▶ **DESCRIPTION OF THE TASK**
Copy out each line below in which the string "definition" appears.
━━━ SOURCE DATA ━━━
(* Assume the setting and Algorithm 2 described in the context, with $|Q|\ge2$, and suppose $L$ is convex. Take $n_1=\Theta(\frac{M^2}{\varepsilon_1^2}\log|Q|)$ and $n_2=\Theta\big(\frac{M^2}{\varepsilon_1^2\varepsilon_2^2}\log|Q|\log(\frac{M\log|Q|}{\varepsilon_1\varepsilon_2})\big)$, with suitable absolute constants. Then with probability at least $14/15$: if Algorithm 2 outputs a distribution $\mu'_D$ during the outer iteration with value $\ell$, then $\mathrm{Loss}(\mu'_D)\le\ell+\frac{2\varepsilon_1}{3}$.
   Context: Setting. $X$ is a countable set and $p$ is a probability distribution on $X$. For a distribution $q$ on $X$, $q_x$ is the mass of $x$ and $\mathrm{supp}(q)=\{x:q_x>0\}$. An invalidity function $\mathrm{Inv}:X\to\{0,1\}$ is given with $\mathrm{Inv}(x)=0$ for all $x\in\mathrm{supp}(p)$. For a distribution $q$, $\mathrm{Inv}(q)=\mathbb{E}_{x\sim q}[\mathrm{Inv}(x)]$. Fix $M>0$ and a monotone non-increasing function $L:[0,1]\to[0,M]$, and set $\mathrm{Loss}(q)=\mathbb{E}_{x\sim p}[L(q_x)]$. The learner may draw i.i.d. samples from $p$ and may query $\mathrm{Inv}(x)$ at any point. $Q$ is a finite family of probability distributions on $X$. A fixed point $x^*$ with $\mathrm{Inv}(x^* )=0$ is available. Algorithm 2 (parameters $\varepsilon_1,\varepsilon_2,\alpha,n_1,n_2$): (1) Draw $n_1$ i.i.d. samples from $p$. For every $q\in Q$ let $\overline{\mathrm{Loss}}(q)$ be the average of $L(q_x)$ over these samples. (2) For $\ell=0,\varepsilon_1/3,2\varepsilon_1/3,\dots$ (the multiples of $\varepsilon_1/3$ in $[0,M]$, in increasing order): (a) Set $D=\{q\in Q:\overline{\mathrm{Loss}}(q)\le\ell\}$. (b) While $D\neq\emptyset$: - Let $\mu_D=\frac1{|D|}\sum_{q\in D}q$. - Let $w_D(x)=\Pr_{q\sim\mathrm{Unif}(D)}[\varepsilon_1 q_x<3M\mu_D(x)]$. - Draw $n_2$ i.i.d. samples $x_1,\dots,x_{n_2}$ from $\mu_D$ and query their invalidity. - If $\frac1{n_2}\sum_{i}\mathrm{Inv}(x_i)w_D(x_i)\le\alpha+\frac{4\varepsilon_2}{5}$, output $\mu'_D$ and stop. Here $\mu'_D$ draws $x\sim\mu_D$, returns $x$ with probability $w_D(x)$, and returns $x^*$ otherwise. - Otherwise, remove from $D$ every $q$ with $\frac1{n_2}\sum_i\mathrm{Inv}(x_i)\frac{q_{x_i}}{\mu_D(x_i)}\mathbb{I}[\varepsilon_1q_{x_i}<3M\mu_D(x_i)]>\alpha+\frac{\varepsilon_2}{5}$. *)

theory Defs
  imports "HOL-Probability.Probability"
begin

fun iid_samples :: "nat \<Rightarrow> 'a pmf \<Rightarrow> 'a list pmf" where
  "iid_samples 0 d = return_pmf []"
| "iid_samples (Suc n) d = do { x \<leftarrow> d; xs \<leftarrow> iid_samples n d; return_pmf (x # xs) }"

definition avg :: "('a \<Rightarrow> real) \<Rightarrow> 'a list \<Rightarrow> real" where
  "avg f xs = (\<Sum>x\<leftarrow>xs. f x) / real (length xs)"

definition inv01 :: "('a \<Rightarrow> bool) \<Rightarrow> 'a \<Rightarrow> real" where
  "inv01 Inv x = (if Inv x then 1 else 0)"

definition Loss :: "(real \<Rightarrow> real) \<Rightarrow> 'a pmf \<Rightarrow> 'a pmf \<Rightarrow> real" where
  "Loss L p q = measure_pmf.expectation p (\<lambda>x. L (pmf q x))"

definition mixture :: "'a pmf set \<Rightarrow> 'a pmf" where
  "mixture D = bind_pmf (pmf_of_set D) (\<lambda>q. q)"

definition wD :: "real \<Rightarrow> real \<Rightarrow> 'a pmf set \<Rightarrow> 'a \<Rightarrow> real" where
  "wD eps1 M D x =
     real (card {q \<in> D. eps1 * pmf q x < 3 * M * pmf (mixture D) x}) / real (card D)"

definition mixture' :: "real \<Rightarrow> real \<Rightarrow> 'a \<Rightarrow> 'a pmf set \<Rightarrow> 'a pmf" where
  "mixture' eps1 M xstar D =
     bind_pmf (mixture D)
       (\<lambda>x. map_pmf (\<lambda>b. if b then x else xstar) (bernoulli_pmf (wD eps1 M D x)))"

definition rem_stat :: "real \<Rightarrow> real \<Rightarrow> ('a \<Rightarrow> bool) \<Rightarrow> 'a pmf set \<Rightarrow> 'a list \<Rightarrow> 'a pmf \<Rightarrow> real" where
  "rem_stat eps1 M Inv D xs q =
     avg (\<lambda>x. inv01 Inv x * (pmf q x / pmf (mixture D) x) *
               (if eps1 * pmf q x < 3 * M * pmf (mixture D) x then 1 else 0)) xs"

text \<open>Inner while-loop (step 2(b)).  Result: Some mu'_D if an output is produced,
  None if D becomes empty.  Possible non-termination is modelled by the spmf monad.\<close>
partial_function (spmf) alg2_inner ::
  "real \<Rightarrow> real \<Rightarrow> real \<Rightarrow> real \<Rightarrow> nat \<Rightarrow> ('a \<Rightarrow> bool) \<Rightarrow> 'a \<Rightarrow>
   'a pmf set \<Rightarrow> 'a pmf option spmf" where
  "alg2_inner eps1 eps2 alpha M n2 Inv xstar D =
     (if D = {} then return_spmf None
      else bind_spmf (spmf_of_pmf (iid_samples n2 (mixture D))) (\<lambda>xs.
        if avg (\<lambda>x. inv01 Inv x * wD eps1 M D x) xs \<le> alpha + 4 * eps2 / 5
        then return_spmf (Some (mixture' eps1 M xstar D))
        else alg2_inner eps1 eps2 alpha M n2 Inv xstar
               {q \<in> D. \<not> (rem_stat eps1 M Inv D xs q > alpha + eps2 / 5)}))"

partial_function (spmf) alg2_outer ::
  "real \<Rightarrow> real \<Rightarrow> real \<Rightarrow> real \<Rightarrow> nat \<Rightarrow> ('a \<Rightarrow> bool) \<Rightarrow> 'a \<Rightarrow>
   'a pmf set \<Rightarrow> ('a pmf \<Rightarrow> real) \<Rightarrow> nat \<Rightarrow> (real \<times> 'a pmf) option spmf" where
  "alg2_outer eps1 eps2 alpha M n2 Inv xstar Q emp k =
     (let l = real k * eps1 / 3 in
      if l > M then return_spmf None
      else bind_spmf (alg2_inner eps1 eps2 alpha M n2 Inv xstar {q \<in> Q. emp q \<le> l}) (\<lambda>r.
        case r of
          Some mu \<Rightarrow> return_spmf (Some (l, mu))
        | None \<Rightarrow> alg2_outer eps1 eps2 alpha M n2 Inv xstar Q emp (Suc k)))"

definition alg2 ::
  "real \<Rightarrow> real \<Rightarrow> real \<Rightarrow> nat \<Rightarrow> nat \<Rightarrow> real \<Rightarrow> (real \<Rightarrow> real) \<Rightarrow> 'a pmf \<Rightarrow>
   ('a \<Rightarrow> bool) \<Rightarrow> 'a \<Rightarrow> 'a pmf set \<Rightarrow> (real \<times> 'a pmf) option spmf" where
  "alg2 eps1 eps2 alpha n1 n2 M L p Inv xstar Q =
     bind_spmf (spmf_of_pmf (iid_samples n1 p)) (\<lambda>ys.
       alg2_outer eps1 eps2 alpha M n2 Inv xstar Q (\<lambda>q. avg (\<lambda>x. L (pmf q x)) ys) 0)"

end

theory Submission
  imports Defs
begin

text \<open>
  Whatever the random choices of the loops, an output of the outer loop at level \<open>l\<close> is
  \<open>\<mu>'\<^sub>D\<close> for some nonempty \<open>D\<close> whose members all have empirical loss at most \<open>l\<close>.
  On the event that every empirical loss underestimates the true loss by at most \<open>\<epsilon>\<^sub>1/3\<close>,
  which by Hoeffding's inequality and a union bound over \<open>Q\<close> fails with probability at most
  \<open>|Q| exp(-2 n\<^sub>1 \<epsilon>\<^sub>1\<^sup>2 / (9 M\<^sup>2)) \<le> 1/15\<close>, every \<open>q \<in> D\<close> has true loss at most
  \<open>l + \<epsilon>\<^sub>1/3\<close>. By convexity of \<open>L\<close> the same bound holds for the mixture \<open>\<mu>\<^sub>D\<close>.
  Finally, by Markov's inequality \<open>w\<^sub>D(x) \<ge> 1 - \<epsilon>\<^sub>1/(3M)\<close> wherever \<open>\<mu>\<^sub>D(x) > 0\<close>, so
  \<open>\<mu>'\<^sub>D(x) \<ge> (1 - \<epsilon>\<^sub>1/(3M)) \<mu>\<^sub>D(x)\<close>, and monotonicity and convexity of \<open>L\<close> turn this
  into an extra loss of at most \<open>\<epsilon>\<^sub>1/3\<close>.
\<close>

lemma pmf_mixture:
  assumes "finite D" "D \<noteq> {}"
  shows "pmf (mixture D) x = (\<Sum>q\<in>D. pmf q x) / real (card D)"
  unfolding mixture_def pmf_bind using assms by (simp add: integral_pmf_of_set)

lemma wD_bounds:
  assumes "finite D" "D \<noteq> {}"
  shows "0 \<le> wD e M D x \<and> wD e M D x \<le> 1"
proof -
  have "card {q \<in> D. e * pmf q x < 3 * M * pmf (mixture D) x} \<le> card D"
    using assms by (intro card_mono) auto
  then show ?thesis
    using assms unfolding wD_def by (auto simp: divide_le_eq_1)
qed

lemma wD_ge:
  assumes "finite D" "D \<noteq> {}" "M > 0" "e \<ge> 0" "pmf (mixture D) x > 0"
  shows "1 - e / (3 * M) \<le> wD e M D x"
proof -
  define mu where "mu = pmf (mixture D) x"
  define B where "B = {q \<in> D. 3 * M * mu \<le> e * pmf q x}"
  have "B \<subseteq> D" by (auto simp: B_def)
  have "real (card B) * (3 * M * mu) = (\<Sum>q\<in>B. 3 * M * mu)" by simp
  also have "\<dots> \<le> (\<Sum>q\<in>B. e * pmf q x)"
    by (intro sum_mono) (auto simp: B_def)
  also have "\<dots> \<le> (\<Sum>q\<in>D. e * pmf q x)"
    using assms(1,4) \<open>B \<subseteq> D\<close> by (intro sum_mono2) auto
  also have "\<dots> = real (card D) * (e / (3 * M)) * (3 * M * mu)"
    using assms(1-3) by (simp add: mu_def pmf_mixture flip: sum_distrib_left)
  finally have "real (card B) \<le> real (card D) * (e / (3 * M))"
    using assms(3,5) by (simp add: mu_def field_simps)
  then have "real (card B) / real (card D) \<le> e / (3 * M)"
    using assms(1,2) by (subst pos_divide_le_eq) (auto simp: mult.commute)
  moreover have "wD e M D x = 1 - real (card B) / real (card D)"
  proof -
    have "{q \<in> D. e * pmf q x < 3 * M * mu} = D - B" by (auto simp: B_def)
    moreover have "card (D - B) = card D - card B" "card B \<le> card D"
      using assms(1) \<open>B \<subseteq> D\<close> by (auto simp: card_Diff_subset card_mono finite_subset)
    ultimately show ?thesis
      using assms(1,2) by (simp add: wD_def mu_def of_nat_diff field_simps)
  qed
  ultimately show ?thesis by linarith
qed

lemma pmf_bind_pmf_ge: "pmf p y * pmf (f y) x \<le> pmf (bind_pmf p f) x"
proof -
  have "pmf p y * pmf (f y) x = (\<integral>z. indicator {y} z * pmf (f y) x \<partial>measure_pmf p)"
    by (simp add: measure_pmf_single)
  also have "\<dots> \<le> (\<integral>z. pmf (f z) x \<partial>measure_pmf p)"
    by (intro integral_mono measure_pmf.integrable_const_bound[where B=1])
       (auto simp: indicator_def pmf_le_1)
  finally show ?thesis by (simp add: pmf_bind)
qed

lemma pmf_mixture'_ge:
  assumes "finite D" "D \<noteq> {}"
  shows "pmf (mixture D) x * wD e M D x \<le> pmf (mixture' e M xstar D) x"
proof -
  let ?keep = "map_pmf (\<lambda>b. if b then x else xstar) (bernoulli_pmf (wD e M D x))"
  have "wD e M D x = measure (bernoulli_pmf (wD e M D x)) {True}"
    using wD_bounds[OF assms] by (simp add: measure_pmf_single)
  also have "\<dots> \<le> measure (bernoulli_pmf (wD e M D x)) ((\<lambda>b. if b then x else xstar) -` {x})"
    by (intro measure_pmf.finite_measure_mono) auto
  also have "\<dots> = pmf ?keep x"
    by (simp add: pmf_map)
  finally have "pmf (mixture D) x * wD e M D x \<le> pmf (mixture D) x * pmf ?keep x"
    by (intro mult_left_mono) auto
  also have "\<dots> \<le> pmf (mixture' e M xstar D) x"
    unfolding mixture'_def by (rule pmf_bind_pmf_ge)
  finally show ?thesis .
qed

lemma pmf_mixture'_ge_scaled:
  assumes "finite D" "D \<noteq> {}" "M > 0" "e \<ge> 0"
  shows "(1 - e / (3 * M)) * pmf (mixture D) x \<le> pmf (mixture' e M xstar D) x"
proof (cases "pmf (mixture D) x = 0")
  case False
  then have "(1 - e / (3 * M)) * pmf (mixture D) x \<le> wD e M D x * pmf (mixture D) x"
    using wD_ge[OF assms] by (intro mult_right_mono) (auto simp: order_less_le)
  also have "\<dots> \<le> pmf (mixture' e M xstar D) x"
    using pmf_mixture'_ge[OF assms(1,2)] by (simp add: mult.commute)
  finally show ?thesis .
qed simp

lemma integrable_L_pmf:
  fixes M :: real
  assumes "\<forall>t \<in> {0..1}. 0 \<le> L t \<and> L t \<le> M"
  shows "integrable (measure_pmf p) (\<lambda>x. L (pmf q x))"
  using assms by (intro measure_pmf.integrable_const_bound[where B=M]) (auto simp: pmf_le_1)

lemma Loss_mixture_le:
  assumes "finite D" "D \<noteq> {}"
    and bounded: "\<forall>t \<in> {0..1}. 0 \<le> L t \<and> L t \<le> M"
    and convex: "convex_on {0..1} L"
    and "\<forall>q\<in>D. Loss L p q \<le> c"
  shows "Loss L p (mixture D) \<le> c"
proof -
  let ?w = "1 / real (card D)"
  have jensen: "L (pmf (mixture D) x) \<le> (\<Sum>q\<in>D. ?w * L (pmf q x))" for x
  proof -
    have "pmf (mixture D) x = (\<Sum>q\<in>D. ?w *\<^sub>R pmf q x)"
      using assms(1,2) by (simp add: pmf_mixture sum_divide_distrib)
    also have "L \<dots> \<le> (\<Sum>q\<in>D. ?w * L (pmf q x))"
      using assms(1,2) by (intro convex_on_sum[OF _ _ convex]) (auto simp: pmf_le_1)
    finally show ?thesis .
  qed
  have "Loss L p (mixture D) \<le> (\<integral>x. (\<Sum>q\<in>D. ?w * L (pmf q x)) \<partial>measure_pmf p)"
    unfolding Loss_def
    by (intro integral_mono jensen integrable_L_pmf[OF bounded] Bochner_Integration.integrable_sum
        integrable_mult_right)
  also have "\<dots> = (\<Sum>q\<in>D. ?w * Loss L p q)"
    unfolding Loss_def by (subst Bochner_Integration.integral_sum) (auto intro: integrable_L_pmf[OF bounded])
  also have "\<dots> \<le> (\<Sum>q\<in>D. ?w * c)"
    using assms(5) by (intro sum_mono mult_left_mono) auto
  also have "\<dots> = c" using assms(1,2) by simp
  finally show ?thesis .
qed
━━━
▶ **FINISHED TASK**
definition avg :: "('a \<Rightarrow> real) \<Rightarrow> 'a list \<Rightarrow> real" where
definition inv01 :: "('a \<Rightarrow> bool) \<Rightarrow> 'a \<Rightarrow> real" where
definition Loss :: "(real \<Rightarrow> real) \<Rightarrow> 'a pmf \<Rightarrow> 'a pmf \<Rightarrow> real" where
definition mixture :: "'a pmf set \<Rightarrow> 'a pmf" where
definition wD :: "real \<Rightarrow> real \<Rightarrow> 'a pmf set \<Rightarrow> 'a \<Rightarrow> real" where
definition mixture' :: "real \<Rightarrow> real \<Rightarrow> 'a \<Rightarrow> 'a pmf set \<Rightarrow> 'a pmf" where
definition rem_stat :: "real \<Rightarrow> real \<Rightarrow> ('a \<Rightarrow> bool) \<Rightarrow> 'a pmf set \<Rightarrow> 'a list \<Rightarrow> 'a pmf \<Rightarrow> real" where
definition alg2 ::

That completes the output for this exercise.